In the general case, we can compute $a \div b $ and $a \;\mathrm {mod}\;b$ using a straightforward variation on the Euclidean division algorithm (see Algorithm 2) which proves the existence of the remainder and quotient. Checking the correctness of the algorithm is straightforward. We start initially with values $\alpha $ and $\beta $ such that $a=\alpha \star b \oplus \beta $. By inspection, this equality is preserved throughout the algorithm. Meanwhile, the algorithm only terminates when the degree of $\beta $ is less than that of b, as required. The algorithm must terminate, since the degree of q is reduced by at least one, each time it is updated (for a maximum of ${\mathrm {degree}}(a)-{\mathrm {degree}}(b)+1$ steps).

Given $a = \alpha \star b \; \oplus \; \beta $ and $a' = \alpha ' \star b \; \oplus \; \beta '$, we have that $a \oplus a' = (\alpha \oplus \alpha ') \star b \; \oplus \; (\beta \oplus \beta ')$. Thus, it can be checked that divisions and modular reductions are distributive:

$$\begin{aligned}&(a \oplus b) \;\mathrm {mod}\;p =( a \;\mathrm {mod}\;p ) \oplus ( b \;\mathrm {mod}\;p), \end{aligned}$$

(5)

$$\begin{aligned}&(a \oplus b) \div p = (a \div p) \oplus (b \div p). \end{aligned}$$

(6)

Thus, we have $(a \oplus b) \;\mathrm {mod}\;p = 0 \Rightarrow a \;\mathrm {mod}\;p = b \;\mathrm {mod}\;p $. Moreover, by inspection, we have that ${\mathrm {degree}}(a\;\mathrm {mod}\;b)<{\mathrm {degree}}(b)$ and ${\mathrm {degree}}(a\div b)={\mathrm {degree}}(a)-{\mathrm {degree}}(b)$.

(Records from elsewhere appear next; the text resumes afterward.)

(* Let $A_6$ be the Cayley-Dickson algebra of 64-nions with canonical basis $e_0,\dots,e_{63}$. Then: (i) the 63 imaginary units split into 35 units each lying on exactly 21 defective triples, 21 units each lying on exactly 15 defective triples, and 7 units lying on no defective triple; (ii) the incidence structure $\mathcal{C}_6$ whose points are the 21 units of the second kind and whose lines are the defective triples consisting solely of such units is a $(21_5,35_3)$-configuration isomorphic to the combinatorial Grassmannian $G_2(7)$; (iii) there is a bijection $\varphi$ from the set of geometric hyperplanes of $\mathcal{C}_6$ (of which there are 63) onto $\{e_1,\dots,e_{63}\}$ mapping the set of lines of the Veldkamp space $\mathcal{V}(\mathcal{C}_6)$ bijectively onto the set of distinguished triples of $A_6$ (so $\mathcal{V}(\mathcal{C}_6)\cong\mathrm{PG}(5,2)$), such that the geometric hyperplanes with $9$ points (a line together with its complement, the latter being a Pasch configuration $G_2(4)$), $11$ points (a point together with its complement, the latter being a Desargues configuration $G_2(5)$) and $15$ points (a copy of $G_2(6)$) are mapped onto the units of the first, second and third kind in (i), respectively.
   Context: Cayley-Dickson algebras: $A_0=\mathbb{R}$ with trivial conjugation; $A_{N+1}$ is the set of ordered pairs $(x,y)$ with $x,y\in A_N$, with conjugation $(x,y)^*=(x^*,-y)$ and multiplication $(x,y)(X,Y)=(xX-Yy^*,\,x^*Y+Xy)$. The canonical basis of $A_0$ is $e_0=1$; if $e_0,\dots,e_{2^N-1}$ is the canonical basis of $A_N$, the canonical basis of $A_{N+1}$ is $e_a=(e_a,0)$ and $e_{2^N+a}=(0,e_a)$ for $0\le a\le 2^N-1$. The imaginary units of $A_N$ are $e_1,\dots,e_{2^N-1}$. A distinguished triple is a set $\{e_a,e_b,e_c\}$ with $1\le a<b<c\le 2^N-1$ and $e_ae_b=\pm e_c$; it is called ordinary if $a+b=c$ and defective if $a+b\neq c$. A $(v_r,b_k)$-configuration is a point-line incidence structure with $v$ points and $b$ lines, each line having $k$ points, each point on $r$ lines, two distinct points on at most one common line. The combinatorial Grassmannian $G_2(n)$ is the point-line incidence structure whose points are the $2$-element subsets of $\{1,\dots,n\}$, whose lines are the $3$-element subsets, incidence being inclusion. A geometric hyperplane of a point-line incidence structure is a proper subset $H$ of the point set such that every line is either contained in $H$ or meets $H$ in exactly one point. The Veldkamp space $\mathcal{V}(\mathcal{C})$ has as points the geometric hyperplanes of $\mathcal{C}$; for distinct hyperplanes $H',H''$ the Veldkamp line $H'H''$ is the set of all geometric hyperplanes $H$ with $H=H'$, $H=H''$, or $H'\cap H''=H'\cap H=H''\cap H$. *)

theory Defs
  imports Complex_Main
begin

text \<open>An element of A_N is represented by its coordinate function w.r.t. the canonical
basis, i.e. a function nat => real supported on {0..<2^N}.  An element of A_(N+1) is
the pair (x,y) of A_N elements, x = first 2^N coordinates, y = next 2^N coordinates;
this matches the canonical basis convention e_a = (e_a,0), e_(2^N+a) = (0,e_a).\<close>

definition cd_lo :: "nat \<Rightarrow> (nat \<Rightarrow> real) \<Rightarrow> nat \<Rightarrow> real" where
  "cd_lo n u = (\<lambda>i. if i < 2^n then u i else 0)"

definition cd_hi :: "nat \<Rightarrow> (nat \<Rightarrow> real) \<Rightarrow> nat \<Rightarrow> real" where
  "cd_hi n u = (\<lambda>i. if i < 2^n then u (2^n + i) else 0)"

definition cd_pair :: "nat \<Rightarrow> (nat \<Rightarrow> real) \<Rightarrow> (nat \<Rightarrow> real) \<Rightarrow> nat \<Rightarrow> real" where
  "cd_pair n x y = (\<lambda>i. if i < 2^n then x i else if i < 2^Suc n then y (i - 2^n) else 0)"

fun cd_conj :: "nat \<Rightarrow> (nat \<Rightarrow> real) \<Rightarrow> nat \<Rightarrow> real" where
  "cd_conj 0 u = (\<lambda>i. if i = 0 then u 0 else 0)"
| "cd_conj (Suc n) u = cd_pair n (cd_conj n (cd_lo n u)) (\<lambda>i. - cd_hi n u i)"

fun cd_mult :: "nat \<Rightarrow> (nat \<Rightarrow> real) \<Rightarrow> (nat \<Rightarrow> real) \<Rightarrow> nat \<Rightarrow> real" where
  "cd_mult 0 u v = (\<lambda>i. if i = 0 then u 0 * v 0 else 0)"
| "cd_mult (Suc n) u v =
     (let x = cd_lo n u; y = cd_hi n u; X = cd_lo n v; Y = cd_hi n v
      in cd_pair n (\<lambda>i. cd_mult n x X i - cd_mult n Y (cd_conj n y) i)
                   (\<lambda>i. cd_mult n (cd_conj n x) Y i + cd_mult n X y i))"

definition cd_basis :: "nat \<Rightarrow> nat \<Rightarrow> real" where
  "cd_basis a = (\<lambda>i. if i = a then 1 else 0)"

text \<open>Imaginary units of A_N, identified with their indices a (e_a).\<close>
definition cd_units :: "nat \<Rightarrow> nat set" where
  "cd_units N = {1..2^N - 1}"

definition distinguished_triple :: "nat \<Rightarrow> nat set \<Rightarrow> bool" where
  "distinguished_triple N T \<longleftrightarrow>
     (\<exists>a b c. T = {a, b, c} \<and> 1 \<le> a \<and> a < b \<and> b < c \<and> c \<le> 2^N - 1 \<and>
        (cd_mult N (cd_basis a) (cd_basis b) = cd_basis c \<or>
         cd_mult N (cd_basis a) (cd_basis b) = (\<lambda>i. - cd_basis c i)))"

definition defective_triple :: "nat \<Rightarrow> nat set \<Rightarrow> bool" where
  "defective_triple N T \<longleftrightarrow> distinguished_triple N T \<and>
     (\<exists>a b c. T = {a, b, c} \<and> a < b \<and> b < c \<and> a + b \<noteq> c)"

The carry-less multiplication by a power of two is equivalent to regular multiplication. For this reason, a modular reduction by a power of two (e.g., $a \;\mathrm {mod}\;{2^{64}}$) is just the regular integer modular reduction. Idem for division.

There are non-zero integers a such that there is no integer b other than 1 for which $a\;\mathrm {mod}\;b=0$; effectively, a is a prime number under the carry-less multiplication interpretation. These “prime integers” are more commonly known as irreducible polynomials in the ring of polynomials $\mathrm{GF}2[x]$, so we call them irreducible instead of prime. Let us pick such an irreducible integer p (arbitrarily) such that the degree of p is 64. One such integer is $2^{64}+2^{4}+2^{3}+2 +1$. Then we can finally define the multiplication operation in $\mathrm{GF}(2^{64})$:

$$\begin{aligned} a \times _{\mathrm{GF}(2^{64})} b \equiv (a \star b) \;\mathrm {mod}\;p. \end{aligned}$$

Coupled with the addition $+_{\mathrm{GF}(2^{64})}$ that is just a bitwise XOR, we have an implementation of the field $\mathrm{GF}(2^{64})$ over integers in $[0,2^{64})$.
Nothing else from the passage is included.